This tutorial walks through building a custom container using the Custom Prediction Routine model server to serve a scikit-learn model on Vertex Predictions. This is currently an **experimental** feature and not yet officially supported by the Vertex AI SDK. In this tutorial, we'll be installing the Vertex AI SDK from an experimental branch on github. 



### Dataset

This tutorial uses R.A. Fisher's Iris dataset, a small dataset that is popular for trying out machine learning techniques. Each instance has four numerical features, which are different measurements of a flower, and a target label that
marks it as one of three types of iris: Iris setosa, Iris versicolour, or Iris virginica.

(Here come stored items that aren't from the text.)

lemma chain_cone:
  assumes "v \<in> {1..n}" "chain n m Z"
  shows "chain n (m + 1) (cone v Z)"
  unfolding chain_def
proof (intro allI impI)
  fix \<rho> assume "cone v Z \<rho> \<noteq> 0"
  then have "v \<in> \<rho>" "Z (\<rho> - {v}) \<noteq> 0" unfolding cone_def by (auto split: if_splits)
  then have \<rho>: "v \<in> \<rho>" "simplex n (\<rho> - {v})" "card (\<rho> - {v}) = m"
    using assms(2) unfolding chain_def by auto
  then have "finite \<rho>" using simplex_finite[of n "\<rho> - {v}"] by simp
  then have "card \<rho> = Suc (card (\<rho> - {v}))" using \<rho>(1) by (rule card.remove)
  then have "card \<rho> = m + 1" using \<rho>(3) by simp
  with \<rho> assms(1) show "simplex n \<rho> \<and> card \<rho> = m + 1"
    unfolding simplex_def by auto
qed

lemma supported_on_cone:
  assumes "v \<in> \<sigma>" "supported_on Z (cplx {\<sigma>})"
  shows "supported_on (cone v Z) (cplx {\<sigma>})"
  unfolding supported_on_def
proof (intro allI impI)
  fix \<rho> assume "cone v Z \<rho> \<noteq> 0"
  then have "\<rho> - {v} \<subseteq> \<sigma>" "v \<in> \<rho>"
    using assms(2) unfolding cone_def supported_on_def cplx_def by (auto split: if_splits)
  then show "\<rho> \<in> cplx {\<sigma>}" using assms(1) unfolding cplx_def by auto
qed

text \<open>The apex \<open>v\<close> precedes every vertex of the support, so it always comes first and
  deleting it carries the sign \<open>+1\<close>.\<close>

lemma bd_cone_notin:
  assumes v: "v \<in> {1..n}" "v \<notin> \<tau>" and apex: "\<forall>\<tau>. Z \<tau> \<noteq> 0 \<longrightarrow> (\<forall>x\<in>\<tau>. v \<le> x)"
  shows "bd n (cone v Z) \<tau> = Z \<tau>"
proof -
  let ?t = "\<lambda>u. (-1) ^ card {x\<in>\<tau>. x < u} * cone v Z (insert u \<tau>)"
  have "bd n (cone v Z) \<tau> = ?t v + (\<Sum>u\<in>{1..n} - \<tau> - {v}. ?t u)"
    unfolding bd_def by (rule sum.remove) (use v in auto)
  also have "(\<Sum>u\<in>{1..n} - \<tau> - {v}. ?t u) = 0"
    by (rule sum.neutral) (use v in \<open>auto simp: cone_def\<close>)
  also have "?t v = (-1) ^ card {x\<in>\<tau>. x < v} * Z \<tau>"
    using v by (simp add: cone_def)
  also have "\<dots> = Z \<tau>"
  proof (cases "Z \<tau> = 0")
    case False
    then have "{x\<in>\<tau>. x < v} = {}" using apex by force
    then show ?thesis by (metis card.empty power_0 mult_1)
  qed simp
  finally show ?thesis by simp
qed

This tutorial uses [the copy of the Iris dataset included in the
scikit-learn library](https://scikit-learn.org/stable/datasets/index.html#iris-dataset).

### Objective

The goal is to:
- Train a model that uses a flower's measurements as input to predict what type of iris it is.
- Save the model and its serialized pre-processor
- Build a custom sklearn serving container with custom preprocessing using the Custom Prediction Routine model server
- Upload and deploy custom container to Vertex Prediction

This tutorial focuses more on deploying this model with Vertex AI than on
the design of the model itself.

### Costs 

This tutorial uses billable components of Google Cloud:

* Vertex AI

Learn about [Vertex AI
pricing](https://cloud.google.com/vertex-ai/pricing), and use the [Pricing
Calculator](https://cloud.google.com/products/calculator/)
to generate a cost estimate based on your projected usage.

### Set up your local development environment

**If you are using Google Cloud Notebooks**, your environment already meets
all the requirements to run this notebook. You can skip this step.

**Otherwise**, make sure your environment meets this notebook's requirements.
You need the following:

* Docker
* Git
* Google Cloud SDK (gcloud)
* Python 3
* virtualenv
* Jupyter notebook running in a virtual environment with Python 3

The Google Cloud guide to [Setting up a Python development
environment](https://cloud.google.com/python/setup) and the [Jupyter
installation guide](https://jupyter.org/install) provide detailed instructions
for meeting these requirements. The following steps provide a condensed set of
instructions:

1. [Install and initialize the Cloud SDK.](https://cloud.google.com/sdk/docs/)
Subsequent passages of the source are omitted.